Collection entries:
━━━━━━

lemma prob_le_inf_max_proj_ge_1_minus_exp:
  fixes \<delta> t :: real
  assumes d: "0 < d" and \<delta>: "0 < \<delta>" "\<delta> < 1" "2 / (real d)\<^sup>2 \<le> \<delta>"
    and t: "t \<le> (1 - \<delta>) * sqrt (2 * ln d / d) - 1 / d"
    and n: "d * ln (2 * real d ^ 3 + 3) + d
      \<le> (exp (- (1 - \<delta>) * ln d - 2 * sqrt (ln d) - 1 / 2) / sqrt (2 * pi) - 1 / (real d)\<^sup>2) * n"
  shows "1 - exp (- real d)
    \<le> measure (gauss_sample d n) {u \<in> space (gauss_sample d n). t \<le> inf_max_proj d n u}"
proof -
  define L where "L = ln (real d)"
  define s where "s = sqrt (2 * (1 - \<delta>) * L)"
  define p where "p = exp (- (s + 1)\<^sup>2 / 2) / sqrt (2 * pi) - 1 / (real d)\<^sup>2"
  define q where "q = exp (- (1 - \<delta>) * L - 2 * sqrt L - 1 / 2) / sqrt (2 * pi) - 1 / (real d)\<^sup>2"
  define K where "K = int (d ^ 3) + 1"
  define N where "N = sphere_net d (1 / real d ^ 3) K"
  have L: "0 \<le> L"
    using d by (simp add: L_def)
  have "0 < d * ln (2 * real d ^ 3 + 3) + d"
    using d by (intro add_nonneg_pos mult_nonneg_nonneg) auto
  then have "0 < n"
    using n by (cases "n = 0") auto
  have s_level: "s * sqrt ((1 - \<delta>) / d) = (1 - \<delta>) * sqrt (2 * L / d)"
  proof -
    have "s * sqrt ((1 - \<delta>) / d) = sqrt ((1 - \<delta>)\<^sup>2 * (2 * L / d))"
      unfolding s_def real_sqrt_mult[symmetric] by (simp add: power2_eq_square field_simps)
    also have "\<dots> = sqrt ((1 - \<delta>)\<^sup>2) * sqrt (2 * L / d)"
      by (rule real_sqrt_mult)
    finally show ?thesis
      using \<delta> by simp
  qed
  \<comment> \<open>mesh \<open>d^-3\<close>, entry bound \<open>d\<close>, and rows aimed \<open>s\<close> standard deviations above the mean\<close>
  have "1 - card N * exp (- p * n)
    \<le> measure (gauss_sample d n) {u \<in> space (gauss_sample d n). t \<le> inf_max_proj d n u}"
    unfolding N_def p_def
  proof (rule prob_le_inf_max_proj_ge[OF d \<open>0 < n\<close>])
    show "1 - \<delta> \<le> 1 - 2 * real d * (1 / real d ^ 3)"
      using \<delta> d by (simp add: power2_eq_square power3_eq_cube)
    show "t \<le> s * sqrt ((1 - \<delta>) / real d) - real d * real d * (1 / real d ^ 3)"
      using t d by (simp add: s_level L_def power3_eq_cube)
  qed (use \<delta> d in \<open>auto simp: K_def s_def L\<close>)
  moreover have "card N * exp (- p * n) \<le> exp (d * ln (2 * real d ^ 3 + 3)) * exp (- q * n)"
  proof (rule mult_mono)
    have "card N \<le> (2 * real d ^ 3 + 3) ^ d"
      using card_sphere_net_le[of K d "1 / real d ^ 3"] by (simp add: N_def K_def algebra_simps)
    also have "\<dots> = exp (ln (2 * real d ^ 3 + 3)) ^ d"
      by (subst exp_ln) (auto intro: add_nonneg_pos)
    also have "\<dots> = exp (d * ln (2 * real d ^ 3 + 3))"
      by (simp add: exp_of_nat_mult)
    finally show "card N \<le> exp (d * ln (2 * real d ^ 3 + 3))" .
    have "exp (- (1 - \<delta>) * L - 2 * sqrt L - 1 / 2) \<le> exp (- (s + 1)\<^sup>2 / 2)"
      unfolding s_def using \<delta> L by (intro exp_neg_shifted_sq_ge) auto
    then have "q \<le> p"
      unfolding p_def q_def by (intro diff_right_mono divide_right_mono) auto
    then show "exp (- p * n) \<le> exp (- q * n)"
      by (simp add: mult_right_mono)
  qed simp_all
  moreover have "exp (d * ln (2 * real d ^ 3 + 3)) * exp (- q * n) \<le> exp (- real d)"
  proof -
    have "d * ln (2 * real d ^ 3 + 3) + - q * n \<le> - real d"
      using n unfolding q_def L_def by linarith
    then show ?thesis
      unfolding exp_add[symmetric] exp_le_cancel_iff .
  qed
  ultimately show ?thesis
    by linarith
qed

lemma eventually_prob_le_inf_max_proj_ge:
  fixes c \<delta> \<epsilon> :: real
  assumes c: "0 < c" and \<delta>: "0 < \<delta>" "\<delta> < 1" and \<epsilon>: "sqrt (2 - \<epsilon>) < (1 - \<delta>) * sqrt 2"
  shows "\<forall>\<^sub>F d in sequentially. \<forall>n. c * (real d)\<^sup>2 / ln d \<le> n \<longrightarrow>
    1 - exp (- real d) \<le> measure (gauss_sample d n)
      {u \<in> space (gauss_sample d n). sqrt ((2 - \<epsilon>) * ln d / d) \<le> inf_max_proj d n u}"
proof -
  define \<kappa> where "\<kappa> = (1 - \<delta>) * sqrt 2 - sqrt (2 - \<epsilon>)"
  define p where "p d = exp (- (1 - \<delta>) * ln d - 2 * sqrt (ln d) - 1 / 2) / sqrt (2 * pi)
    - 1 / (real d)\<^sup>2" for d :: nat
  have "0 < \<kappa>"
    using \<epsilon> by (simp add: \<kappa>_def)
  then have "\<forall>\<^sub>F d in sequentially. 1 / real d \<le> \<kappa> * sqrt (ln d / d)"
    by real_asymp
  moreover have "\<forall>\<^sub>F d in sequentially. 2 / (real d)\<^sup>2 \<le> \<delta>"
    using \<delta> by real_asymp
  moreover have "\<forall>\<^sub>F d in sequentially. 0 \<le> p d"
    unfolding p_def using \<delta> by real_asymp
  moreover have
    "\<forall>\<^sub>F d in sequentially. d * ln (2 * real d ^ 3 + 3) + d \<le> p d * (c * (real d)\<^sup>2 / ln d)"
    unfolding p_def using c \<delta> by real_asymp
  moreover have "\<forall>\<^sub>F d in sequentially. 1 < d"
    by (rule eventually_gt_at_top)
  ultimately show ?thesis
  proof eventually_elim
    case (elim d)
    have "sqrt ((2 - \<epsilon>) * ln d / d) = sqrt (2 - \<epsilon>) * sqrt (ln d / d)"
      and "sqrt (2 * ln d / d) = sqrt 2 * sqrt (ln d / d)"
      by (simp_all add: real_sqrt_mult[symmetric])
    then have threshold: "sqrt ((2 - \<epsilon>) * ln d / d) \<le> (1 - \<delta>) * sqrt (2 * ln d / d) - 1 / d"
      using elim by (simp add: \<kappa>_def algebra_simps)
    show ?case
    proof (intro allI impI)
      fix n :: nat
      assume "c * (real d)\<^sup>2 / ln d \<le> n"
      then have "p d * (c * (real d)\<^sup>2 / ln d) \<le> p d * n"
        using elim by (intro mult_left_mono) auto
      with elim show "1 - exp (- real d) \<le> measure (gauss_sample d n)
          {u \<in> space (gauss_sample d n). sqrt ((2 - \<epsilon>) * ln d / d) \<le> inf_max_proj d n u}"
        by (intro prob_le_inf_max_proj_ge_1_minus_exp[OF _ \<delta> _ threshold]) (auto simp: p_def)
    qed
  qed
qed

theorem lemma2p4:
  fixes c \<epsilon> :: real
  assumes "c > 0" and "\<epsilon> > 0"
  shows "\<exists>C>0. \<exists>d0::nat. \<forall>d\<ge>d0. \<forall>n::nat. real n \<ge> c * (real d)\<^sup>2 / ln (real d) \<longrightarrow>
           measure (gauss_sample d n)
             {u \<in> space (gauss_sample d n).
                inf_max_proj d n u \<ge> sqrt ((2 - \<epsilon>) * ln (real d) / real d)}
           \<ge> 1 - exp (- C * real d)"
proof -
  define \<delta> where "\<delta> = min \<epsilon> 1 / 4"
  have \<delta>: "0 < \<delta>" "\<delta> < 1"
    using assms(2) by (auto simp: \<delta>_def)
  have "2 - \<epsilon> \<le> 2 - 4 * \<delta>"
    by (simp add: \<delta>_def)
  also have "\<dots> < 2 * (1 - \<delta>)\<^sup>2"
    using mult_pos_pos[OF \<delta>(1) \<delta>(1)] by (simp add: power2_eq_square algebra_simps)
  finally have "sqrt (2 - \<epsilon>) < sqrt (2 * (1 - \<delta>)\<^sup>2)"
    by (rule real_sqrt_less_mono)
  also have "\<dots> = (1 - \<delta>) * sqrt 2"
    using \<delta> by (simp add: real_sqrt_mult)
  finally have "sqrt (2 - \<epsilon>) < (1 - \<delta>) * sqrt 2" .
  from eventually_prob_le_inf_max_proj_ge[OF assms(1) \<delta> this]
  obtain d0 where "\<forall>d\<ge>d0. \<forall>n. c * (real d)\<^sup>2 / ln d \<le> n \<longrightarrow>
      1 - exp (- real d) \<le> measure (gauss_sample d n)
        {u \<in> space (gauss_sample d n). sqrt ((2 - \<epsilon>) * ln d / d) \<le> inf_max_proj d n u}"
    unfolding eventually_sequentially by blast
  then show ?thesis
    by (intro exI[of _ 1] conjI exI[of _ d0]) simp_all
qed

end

━━━━━━

__Exercise brief__.
Find every line above where the word "then" occurs, and copy that line.

__Response to the exercise__.
  then have "0 < n"
    then have "q \<le> p"
    then show "exp (- p * n) \<le> exp (- q * n)"
    then show ?thesis
  then have "\<forall>\<^sub>F d in sequentially. 1 / real d \<le> \<kappa> * sqrt (ln d / d)"
    then have threshold: "sqrt ((2 - \<epsilon>) * ln d / d) \<le> (1 - \<delta>) * sqrt (2 * ln d / d) - 1 / d"
      then have "p d * (c * (real d)\<^sup>2 / ln d) \<le> p d * n"
  then show ?thesis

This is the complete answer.